The film, which uses the Bosnian war as backdrop, follows a team of US Navy SEALs as they embark on a rogue mission to retrieve sunken Nazi gold, with plans to split the profits with one of the SEALs’ love interests, a beautiful Bosnian woman with very few speaking lines, who had sought their help in recovering this treasure.

The scale and staging of the first fifteen minutes set a promising tone, but this just serves to set expectations at a bar which the remainder of the film misses by a mile. The first sequence has no bearing on the rest of the film, which suddenly decides it wants to be a heist movie rather than a military action.

The tone never settles, rendering the comical scenes not that funny, and the emotive scenes not that affecting; everything is clumsily strung together in an amateurish and lacklustre manner. Surprising and disappointing, given the budget and the minds behind the production.  

Besson’s touch is clear in a dialogue that openly embraces cliché, and does not skimp on amusingly hammy lines. Productions carrying his name would usually at the very least bring something new to the genre, yet Renegades lacks even the slightest inkling of originality. At best, it is a lazy and disjointed mash-up of The Expendables, The A-Team, and a few military B-movies, where every self-aggrandising line of dialogue has been lifted from countless other films.

It lacks any depth or soul, displaying none of the anti-war rebelliousness of Kelly’s Heroes nor the satire of Three Kings, two films with practically identical plots to Renegades, yet which still manage to make a fresh contribution to cinema. The cast, among whom are some talented up-and-coming actors undoubtedly capable of much more, are unfortunately given nothing of substance to work with and can therefore do nothing to salvage the narrative.

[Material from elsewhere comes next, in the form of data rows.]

lemma throughput_ge_iff:
  assumes i: "i \<in> {1..N}" and gains: "\<forall>j\<in>{1..N}. 0 < h j" and "\<eta> > 0"
    and nonneg: "\<forall>j\<in>{1..N}. 0 \<le> P j"
  shows "throughput N h \<eta> P i \<ge> t \<longleftrightarrow> h i * P i \<ge> target_share t * (\<eta> + received_power N h P)"
proof -
  define D where "D = \<eta> + (\<Sum>j\<in>{1..N} - {i}. h j * P j)"
  define x where "x = h i * P i"
  define c where "c = (2::real) powr t"
  have c: "c > 0" unfolding c_def by simp
  have "(\<Sum>j\<in>{1..N} - {i}. h j * P j) \<ge> 0"
    using nonneg gains by (intro sum_nonneg) (simp add: less_imp_le)
  then have D: "D > 0" unfolding D_def using \<open>\<eta> > 0\<close> by linarith
  have x: "x \<ge> 0" unfolding x_def using nonneg gains i by (simp add: less_imp_le)
  have total: "\<eta> + received_power N h P = D + x"
    unfolding D_def x_def using received_power_split[OF i] by simp
  have "throughput N h \<eta> P i \<ge> t \<longleftrightarrow> c \<le> 1 + x / D"
    unfolding throughput_def c_def D_def[symmetric] x_def[symmetric]
    using le_log_iff[of 2 "1 + x / D" t] x D by (simp add: add_pos_nonneg)
  also have "\<dots> \<longleftrightarrow> (c - 1) * (D + x) \<le> c * x"
    using D by (simp add: field_simps)
  also have "\<dots> \<longleftrightarrow> (1 - 1 / c) * (D + x) \<le> x"
    using c mult_le_cancel_left_pos[OF c, of "(1 - 1 / c) * (D + x)" x]
    by (simp add: field_simps)
  finally show ?thesis unfolding total target_share_def c_def x_def .
qed

lemma throughput_update_le:
  assumes i: "i \<in> {1..N}" and gains: "\<forall>j\<in>{1..N}. 0 < h j" and "\<eta> > 0"
    and nonneg: "\<forall>j\<in>{1..N}. 0 \<le> P j" and p: "0 \<le> p" "p \<le> P i"
  shows "throughput N h \<eta> (P(i := p)) i \<le> throughput N h \<eta> P i"
proof -
  define D where "D = \<eta> + (\<Sum>j\<in>{1..N} - {i}. h j * P j)"
  have others: "(\<Sum>j\<in>{1..N} - {i}. h j * (P(i := p)) j) = (\<Sum>j\<in>{1..N} - {i}. h j * P j)"
    by (intro sum.cong) auto
  have "(\<Sum>j\<in>{1..N} - {i}. h j * P j) \<ge> 0"
    using nonneg gains by (intro sum_nonneg) (simp add: less_imp_le)
  then have D: "D > 0" unfolding D_def using \<open>\<eta> > 0\<close> by linarith
  have "h i * p \<le> h i * P i" using gains i p by simp
  then have le: "1 + h i * p / D \<le> 1 + h i * P i / D" using D by (simp add: divide_right_mono)
  have "h i * p / D \<ge> 0" using D p gains i by (simp add: less_imp_le)
  then show ?thesis
    unfolding throughput_def others D_def[symmetric] using le by simp
qed

locale satisfaction_game =
  fixes N :: nat and h \<theta> Pmax :: "nat \<Rightarrow> real" and \<eta> :: real
  assumes gains_pos: "\<forall>i\<in>{1..N}. 0 < h i"
    and noise_pos: "\<eta> > 0"
    and targets_pos: "\<forall>i\<in>{1..N}. 0 < \<theta> i"
begin

abbreviation "S \<equiv> satisfaction_set N h \<eta> \<theta> Pmax"
abbreviation "T \<equiv> received_power N h"
abbreviation "a i \<equiv> target_share (\<theta> i)"

definition share_sum :: real where
  "share_sum = (\<Sum>i\<in>{1..N}. a i)"

definition min_total :: real where
  "min_total = share_sum * \<eta> / (1 - share_sum)"

definition min_profile :: "nat \<Rightarrow> real" where
  "min_profile j = (if j \<in> {1..N} then a j * (\<eta> + min_total) / h j else 0)"

lemma share_pos: "i \<in> {1..N} \<Longrightarrow> a i > 0"
  using targets_pos by (simp add: target_share_pos)

lemma satisfaction_set_iff:
  "P \<in> S \<longleftrightarrow> feasible_profile N Pmax P \<and> (\<forall>i\<in>{1..N}. h i * P i \<ge> a i * (\<eta> + T P))"
  unfolding satisfaction_set_def feasible_profile_def
  using throughput_ge_iff[OF _ gains_pos noise_pos] by auto

lemma satisfaction_set_nonneg: "P \<in> S \<Longrightarrow> \<forall>j\<in>{1..N}. 0 \<le> P j"
  by (simp add: satisfaction_set_def feasible_profile_def)

lemma received_power_ge_shares: "P \<in> S \<Longrightarrow> share_sum * (\<eta> + T P) \<le> T P"
  unfolding share_sum_def sum_distrib_right received_power_def[of N h P]
  by (intro sum_mono) (simp add: satisfaction_set_iff received_power_def)

lemma share_sum_less_1:
  assumes "S \<noteq> {}"
  shows "share_sum < 1"
proof -
  obtain P where P: "P \<in> S" using assms by blast
  have "T P \<ge> 0"
    using received_power_nonneg[OF gains_pos satisfaction_set_nonneg[OF P]] .
  show ?thesis
  proof (rule ccontr)
    assume "\<not> share_sum < 1"
    then have "1 * (\<eta> + T P) \<le> share_sum * (\<eta> + T P)"
      using \<open>T P \<ge> 0\<close> noise_pos by (intro mult_right_mono) auto
    then show False using received_power_ge_shares[OF P] noise_pos by simp
  qed
qed

lemma received_power_ge_min_total:
  assumes "P \<in> S"
  shows "T P \<ge> min_total"
proof -
  have "share_sum < 1" using share_sum_less_1 assms by blast
  moreover have "T P * (1 - share_sum) \<ge> share_sum * \<eta>"
    using received_power_ge_shares[OF assms] by (simp add: algebra_simps)
  ultimately show ?thesis
    unfolding min_total_def by (simp add: pos_divide_le_eq)
qed

lemma min_profile_gain:
  assumes "j \<in> {1..N}"
  shows "h j * min_profile j = a j * (\<eta> + min_total)"
proof -
  have "h j \<noteq> 0" using gains_pos assms by force
  then show ?thesis using assms by (simp add: min_profile_def)
qed

lemma received_power_min_profile:
  assumes "S \<noteq> {}"
  shows "T min_profile = min_total"
proof -
  have "T min_profile = share_sum * (\<eta> + min_total)"
    unfolding received_power_def share_sum_def sum_distrib_right
    by (rule sum.cong) (auto simp: min_profile_gain)
  also have "\<dots> = min_total"
    using share_sum_less_1[OF assms] by (simp add: min_total_def field_simps)
  finally show ?thesis .
qed

lemma min_profile_le:
  assumes P: "P \<in> S" and i: "i \<in> {1..N}"
  shows "min_profile i \<le> P i"
proof -
  have "h i * min_profile i = a i * (\<eta> + min_total)" using min_profile_gain[OF i] .
  also have "\<dots> \<le> a i * (\<eta> + T P)"
    using received_power_ge_min_total[OF P] share_pos[OF i] by simp
  also have "\<dots> \<le> h i * P i" using P i by (simp add: satisfaction_set_iff)
  finally show ?thesis using gains_pos i by simp
qed

lemma min_profile_in_satisfaction_set:
  assumes "S \<noteq> {}"
  shows "min_profile \<in> S"
proof -
  obtain P where P: "P \<in> S" using assms by blast
  have "share_sum \<ge> 0"
    unfolding share_sum_def using share_pos by (intro sum_nonneg) (simp add: less_imp_le)
  then have "min_total \<ge> 0"
    unfolding min_total_def using share_sum_less_1[OF assms] noise_pos by simp
  then have "0 \<le> min_profile j" if "j \<in> {1..N}" for j
  proof -
    have "h j > 0" using gains_pos that by blast
    then show ?thesis
      using \<open>min_total \<ge> 0\<close> that noise_pos share_pos[OF that] by (simp add: min_profile_def)
  qed
  moreover have "min_profile j \<le> Pmax j" if "j \<in> {1..N}" for j
  proof -
    have "P j \<le> Pmax j" using P that by (simp add: satisfaction_set_def feasible_profile_def)
    then show ?thesis using min_profile_le[OF P that] by linarith
  qed
  ultimately show ?thesis
    by (simp add: satisfaction_set_iff feasible_profile_def min_profile_gain
        received_power_min_profile[OF assms])
qed

lemma efficient_SE_min_profile:
  "S \<noteq> {} \<Longrightarrow> efficient_SE N h \<eta> \<theta> Pmax min_profile"
  unfolding efficient_SE_def
  using min_profile_in_satisfaction_set min_profile_le by (auto intro: sum_mono)

lemma efficient_SE_eq_min_profile:
  assumes eff: "efficient_SE N h \<eta> \<theta> Pmax P" and j: "j \<in> {1..N}"
  shows "P j = min_profile j"
proof -
  have P: "P \<in> S" and "min_profile \<in> S"
    using eff min_profile_in_satisfaction_set by (auto simp: efficient_SE_def)
  then have "(\<Sum>i\<in>{1..N}. P i) \<le> (\<Sum>i\<in>{1..N}. min_profile i)"
    using eff by (simp add: efficient_SE_def)
  moreover have below: "\<forall>i\<in>{1..N}. min_profile i \<le> P i"
    using min_profile_le[OF P] by blast
  moreover have "(\<Sum>i\<in>{1..N}. min_profile i) \<le> (\<Sum>i\<in>{1..N}. P i)"
    using below by (intro sum_mono) blast
  ultimately have "(\<Sum>i\<in>{1..N}. min_profile i) = (\<Sum>i\<in>{1..N}. P i)"
    by linarith
  then show ?thesis using sum_mono_inv[of min_profile "{1..N}" P j] below j by auto
qed

lemma efficient_SE_tight:
  assumes eff: "efficient_SE N h \<eta> \<theta> Pmax P"
  shows "\<forall>j\<in>{1..N}. h j * P j = a j * (\<eta> + T P)"
proof -
  have ne: "S \<noteq> {}" using eff by (auto simp: efficient_SE_def)
  have "T P = T min_profile"
    unfolding received_power_def using efficient_SE_eq_min_profile[OF eff] by simp
  then show ?thesis
    using efficient_SE_eq_min_profile[OF eff] min_profile_gain received_power_min_profile[OF ne]
    by simp
qed

lemma tight_satisfactory_pareto_optimal:
  assumes "N \<ge> 2" and nonneg: "\<forall>j\<in>{1..N}. 0 \<le> P j"
    and tight: "\<forall>j\<in>{1..N}. h j * P j = a j * (\<eta> + T P)"
  shows "satisfactory_pareto_optimal N h \<eta> \<theta> Pmax P"
  unfolding satisfactory_pareto_optimal_def
proof (intro ballI allI impI)
  fix i p assume i: "i \<in> {1..N}" and p: "0 \<le> p \<and> p \<le> Pmax i"
    and gain: "throughput N h \<eta> (P(i := p)) i > throughput N h \<eta> P i"
  let ?Q = "P(i := p)"
  have "p > P i"
    using throughput_update_le[OF i gains_pos noise_pos nonneg] p gain by force
  then have more_power: "T ?Q > T P"
    using received_power_update[OF i] gains_pos i by simp
  obtain j where j: "j \<in> {1..N}" "j \<noteq> i"
    using \<open>N \<ge> 2\<close> by (cases "i = 1") (auto intro: that[of 1] that[of 2])
  have "h j * ?Q j < a j * (\<eta> + T ?Q)"
    using tight j share_pos[OF j(1)] more_power by simp
  moreover have "\<forall>j\<in>{1..N}. 0 \<le> ?Q j" using nonneg p by simp
  ultimately have "throughput N h \<eta> ?Q j < \<theta> j"
    using throughput_ge_iff[OF j(1) gains_pos noise_pos] by (meson not_le)
  then show "\<exists>j\<in>{1..N}. j \<noteq> i \<and> throughput N h \<eta> ?Q j < \<theta> j"
    using j by blast
qed

end

theorem corollary2:
  fixes N :: nat and h \<theta> Pmax :: "nat \<Rightarrow> real" and \<eta> :: real
  assumes "N \<ge> 2"
    and "\<forall>i\<in>{1..N}. h i > 0"
    and "\<eta> > 0"
    and "\<forall>i\<in>{1..N}. \<theta> i > 0"
    and "\<forall>i\<in>{1..N}. Pmax i > 0"
    and "satisfaction_set N h \<eta> \<theta> Pmax \<noteq> {}"
  shows "(\<exists>P. efficient_SE N h \<eta> \<theta> Pmax P) \<and>
         (\<forall>P. efficient_SE N h \<eta> \<theta> Pmax P \<longrightarrow> satisfactory_pareto_optimal N h \<eta> \<theta> Pmax P)"
proof -
  interpret satisfaction_game N h \<theta> Pmax \<eta>
    using assms by unfold_locales auto
  have "satisfactory_pareto_optimal N h \<eta> \<theta> Pmax P" if eff: "efficient_SE N h \<eta> \<theta> Pmax P" for P
    using tight_satisfactory_pareto_optimal[OF \<open>N \<ge> 2\<close> _ efficient_SE_tight[OF eff]]
      satisfaction_set_nonneg eff by (simp add: efficient_SE_def)
  then show ?thesis
    using efficient_SE_min_profile[OF assms(6)] by blast
qed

Furthermore, the film uses the horrors of World War II and the Bosnian War as an uncomfortable background against which to crack jokes and show off Western machismo culture. The script is predictably, as is typical in this subgenre of action film, tin-eared to its broader context.

Renegades’ sole redeeming quality is the skilful cinematography underwater, thanks to Steven Quale’s experience working alongside James Cameron on The Abyss and Aliens of the Deep. Even that, however, can only do so much to rescue this film.

This is not a movie made for 2018. Years earlier it may have been appreciated as a popcorn flick, but today audiences deserve entertainment that is more responsive to the culture for which it is being created. Let’s stop celebrating machoism as the ideal standard of masculinity, let’s stop portraying women solely as love interests with only a spectre of agency, let’s stop blindly accepting American aggrandisement and racial insensitivity. Audiences deserve better entertainment than this.

Renegades is out now, distributed by Signature Entertainment.